According to Wang Wenjun, manager of the Jiangmen Performing Arts Center, a cinema of the center in Jiangmen in southern Guangdong Province has been bracing itself for an expected spike in moviegoers during the national holiday.

The cinema has increased the frequency of disinfection and prepared cleaners and disinfectants for audiences.

The 1,500-seat cinema received more than 1,300 moviegoers on Oct. 1 and recorded over 40,000 yuan of box office revenue on the following day, the highest since it resumed operation, according to Maoyan data.

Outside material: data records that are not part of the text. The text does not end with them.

lemma amalg_ideal_cgenideal:
  assumes a: "a \<in> carrier A" and J_div: "J \<subseteq> (\<lambda>j. f a \<otimes>\<^bsub>B\<^esub> j) ` J"
  shows "amalg_ideal (PIdl\<^bsub>A\<^esub> a) = PIdl\<^bsub>AJ\<^esub> (a, f a)"
proof
  show "PIdl\<^bsub>AJ\<^esub> (a, f a) \<subseteq> amalg_ideal (PIdl\<^bsub>A\<^esub> a)"
  proof
    fix z assume "z \<in> PIdl\<^bsub>AJ\<^esub> (a, f a)"
    then obtain w where w: "w \<in> carrier AJ" "z = w \<otimes>\<^bsub>AJ\<^esub> (a, f a)" unfolding cgenideal_def by blast
    have "z \<in> carrier AJ" unfolding w(2) using Fst.R.m_closed[OF w(1) diag_mem_amalg[OF a]] .
    moreover have "fst z \<in> PIdl\<^bsub>A\<^esub> a"
      using w carrier_amalg_subset unfolding cgenideal_def by auto
    ultimately show "z \<in> amalg_ideal (PIdl\<^bsub>A\<^esub> a)" unfolding amalg_ideal_def by simp
  qed
  show "amalg_ideal (PIdl\<^bsub>A\<^esub> a) \<subseteq> PIdl\<^bsub>AJ\<^esub> (a, f a)"
  proof
    fix z assume "z \<in> amalg_ideal (PIdl\<^bsub>A\<^esub> a)"
    then obtain t y where z: "z = (t \<otimes>\<^bsub>A\<^esub> a, y)" "(t \<otimes>\<^bsub>A\<^esub> a, y) \<in> carrier AJ" "t \<in> carrier A"
      unfolding amalg_ideal_def cgenideal_def by (cases z) auto
    then have y: "y \<in> carrier B" "y \<ominus>\<^bsub>B\<^esub> f (t \<otimes>\<^bsub>A\<^esub> a) \<in> J" by (auto simp: mem_carrier_amalg)
    then obtain j where j: "j \<in> J" "y \<ominus>\<^bsub>B\<^esub> f (t \<otimes>\<^bsub>A\<^esub> a) = f a \<otimes>\<^bsub>B\<^esub> j" using J_div by blast
    have j_carrier: "j \<in> carrier B" using J.Icarr[OF j(1)] .
    have w: "(t, f t \<oplus>\<^bsub>B\<^esub> j) \<in> carrier AJ"
      unfolding amalg_def using z(3) j(1) by auto
    have "y = f t \<otimes>\<^bsub>B\<^esub> f a \<oplus>\<^bsub>B\<^esub> f a \<otimes>\<^bsub>B\<^esub> j"
    proof -
      have "y = f (t \<otimes>\<^bsub>A\<^esub> a) \<oplus>\<^bsub>B\<^esub> (y \<ominus>\<^bsub>B\<^esub> f (t \<otimes>\<^bsub>A\<^esub> a))"
        using y(1) hom_closed[OF R.m_closed[OF z(3) a]] by algebra
      then show ?thesis using j(2) z(3) a by simp
    qed
    also have "\<dots> = (f t \<oplus>\<^bsub>B\<^esub> j) \<otimes>\<^bsub>B\<^esub> f a"
      using hom_closed[OF z(3)] hom_closed[OF a] j_carrier by algebra
    finally have "z = (t, f t \<oplus>\<^bsub>B\<^esub> j) \<otimes>\<^bsub>AJ\<^esub> (a, f a)" using z(1) by simp
    then show "z \<in> PIdl\<^bsub>AJ\<^esub> (a, f a)" unfolding cgenideal_def using w by blast
  qed
qed

end

locale local_amalgamation = amalgamation +
  fixes m
  assumes local_A: "local_ring A" and maximal_m: "maximalideal m A"
    and J_proper: "J \<noteq> carrier B" and J_image: "J \<subseteq> f ` carrier A"
    and f_regular: "f ` regular_elems A = regular_elems B"
begin

sublocale A_local: local_cring A m
proof (intro local_cring.intro local_cring_axioms.intro)
  show "cring A" by (rule R.is_cring)
  interpret maximalideal m A by (rule maximal_m)
  show "ideal m A" by (rule is_ideal)
  show "\<one>\<^bsub>A\<^esub> \<notin> m" using one_imp_carrier I_notcarr by blast
  show "a \<in> Units A" if "a \<in> carrier A" "a \<notin> m" for a
    using local_ring_notin_maximalideal_Units[OF local_A maximal_m that] .
qed
lemma sum_list_shift_degs:
  "length es = length ii \<Longrightarrow> sum_list (shift_degs es ii) = sum_list es - 2 * int (sum_list ii)"
  unfolding shift_degs_def by (induction es ii rule: list_induct2) (auto simp: algebra_simps)

lemma shift_degs_update:
  "length es = length ii \<Longrightarrow> j < length es \<Longrightarrow>
   shift_degs (es[j := e]) ii = (shift_degs es ii)[j := e - 2 * int (ii ! j)]"
  by (rule nth_equalityI) (auto simp: nth_shift_degs nth_list_update)

lemma coeffs_at_update:
  "length cs = length ii \<Longrightarrow> j < length cs \<Longrightarrow>
   coeffs_at (cs[j := c]) ii = (coeffs_at cs ii)[j := c (ii ! j)]"
  by (rule nth_equalityI) (auto simp: nth_coeffs_at nth_list_update)

lemma take_shift_degs: "take j (shift_degs es ii) = shift_degs (take j es) (take j ii)"
  by (simp add: shift_degs_def take_zip take_map)

lemma drop_shift_degs: "drop j (shift_degs es ii) = shift_degs (drop j es) (drop j ii)"
  by (simp add: shift_degs_def drop_zip drop_map)

lemma take_coeffs_at: "take j (coeffs_at cs ii) = coeffs_at (take j cs) (take j ii)"
  by (simp add: coeffs_at_def take_zip take_map)

lemma drop_coeffs_at: "drop j (coeffs_at cs ii) = coeffs_at (drop j cs) (drop j ii)"
  by (simp add: coeffs_at_def drop_zip drop_map)

lemma shift_degs_append:
  "length es = length ii \<Longrightarrow> shift_degs (es @ es') (ii @ ii') = shift_degs es ii @ shift_degs es' ii'"
  by (simp add: shift_degs_def)

lemma coeffs_at_append:
  "length cs = length ii \<Longrightarrow> coeffs_at (cs @ cs') (ii @ ii') = coeffs_at cs ii @ coeffs_at cs' ii'"
  by (simp add: coeffs_at_def)

lemma shift_degs_Cons [simp]: "shift_degs (e # es) (i # ii) = (e - 2 * int i) # shift_degs es ii"
  by (simp add: shift_degs_def)

lemma coeffs_at_Cons [simp]: "coeffs_at (c # cs) (i # ii) = c i # coeffs_at cs ii"
  by (simp add: coeffs_at_def)

lemma shift_degs_Nil [simp]: "shift_degs [] ii = []"
  by (simp add: shift_degs_def)

lemma coeffs_at_Nil [simp]: "coeffs_at [] ii = []"
  by (simp add: coeffs_at_def)

lemma even_sum_list_take_shift_degs:
  "length es = length ii \<Longrightarrow> even (sum_list (take j (shift_degs es ii))) = even (sum_list (take j es))"
  by (simp add: take_shift_degs sum_list_shift_degs)

lemma permute_list_shift_degs:
  "\<sigma> permutes {..<length es} \<Longrightarrow> length ii = length es \<Longrightarrow>
   permute_list \<sigma> (shift_degs es ii) = shift_degs (permute_list \<sigma> es) (permute_list \<sigma> ii)"
  by (simp add: shift_degs_def permute_list_map permute_list_zip)

lemma permute_list_coeffs_at:
  "\<sigma> permutes {..<length cs} \<Longrightarrow> length ii = length cs \<Longrightarrow>
   permute_list \<sigma> (coeffs_at cs ii) = coeffs_at (permute_list \<sigma> cs) (permute_list \<sigma> ii)"
  by (simp add: coeffs_at_def permute_list_map permute_list_zip)

lemma shift_degs_splice:
  assumes "length es = length ls" "j \<le> length es"
  shows "shift_degs (take j es @ e # drop k es) (take j ls @ i # drop k ls)
       = take j (shift_degs es ls) @ (e - 2 * int i) # drop k (shift_degs es ls)"
  using assms by (simp add: shift_degs_append take_shift_degs drop_shift_degs)

lemma coeffs_at_splice:
  assumes "length cs = length ls" "j \<le> length cs"
  shows "coeffs_at (take j cs @ c # drop k cs) (take j ls @ i # drop k ls)
       = take j (coeffs_at cs ls) @ c i # drop k (coeffs_at cs ls)"
  using assms by (simp add: coeffs_at_append take_coeffs_at drop_coeffs_at)
(* Let $n\ge2$, $\pi\in\mathrm{Eq}(\mathsf{D}_n)$, and let $\mathbf{u}\approx\mathbf{v}$ be an identity satisfied by $\mathbf{C}_n\{\mathsf{Id}(\pi)\}$. (i) If $\mathbf{u}$ is a $(2n-1)$-limited cube-free rigid word, then $\mathbf{v}$ is also a $(2n-1)$-limited cube-free rigid word. (ii) If $\mathbf{u}\in\mathsf{D}_n$, then $\mathbf{v}\in\mathsf{D}_n$ and $(\mathbf{u},\mathbf{v})\in\pi$.
   Context: All varieties are varieties of monoids (signature: associative binary operation and identity constant $1$). Words are elements of the free monoid $X^*$ over a countably infinite set $X$ of variables; identities are pairs of words, and variables may be substituted by $1$. $\mathbf{V}\Sigma$ is the subvariety of $\mathbf{V}$ defined by $\Sigma$. $\mathbf{O}$ is the variety defined by $xyt_1xt_2y \approx yxt_1xt_2y$, $xt_1xyt_2y \approx xt_1yxt_2y$, $xt_1yt_2xy \approx xt_1yt_2yx$. For $n\ge2$, $\mathbf{C}_n=\mathbf{O}\{x^4\approx x^3,\ x^3t\approx tx^3,\ x^{2n}t_1\cdots t_{2n}\approx t_1x\cdots t_{2n}x\}$. For $0\le j\le n-1$, $\mathbf{d}_j = x^{a_0}t_1x^{a_1}\cdots t_{n-1}x^{a_{n-1}}$ with $a_j=1$, $a_i=2$ for $i\ne j$; $\mathsf{D}_n=\{\mathbf{d}_0,\dots,\mathbf{d}_{n-1}\}$. $\mathrm{Eq}(\mathsf{W})$ is the lattice of equivalence relations on $\mathsf{W}$ and $\mathsf{Id}(\pi)=\{\mathbf{u}\approx\mathbf{v}:(\mathbf{u},\mathbf{v})\in\pi\}$. A rigid word is $x^{e_0}t_1x^{e_1}\cdots t_rx^{e_r}$ with $r\ge0$, $e_i\ge0$, $x,t_1,\ldots,t_r$ distinct variables; it is $k$-limited if $\sum e_i\le k$ and cube-free if all $e_i<3$. *)

theory Defs
  imports "HOL-Algebra.Group"
begin

type_synonym word = "nat list"
type_synonym identity = "word \<times> word"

"Attendance rose significantly during the holiday," said Wang, adding that he believes the worst is already behind the industry while the future looks bright.

Bai Peipei, manager of the Oscar Shenglong International Cinema in Xi'an in northwest China's Shaanxi Province, was optimistic about the prospects for recovery.

"It's good that the movies are of high quality and the audiences are back during the holiday," Bai said. "I believe that cinemas will gradually return to normal operations."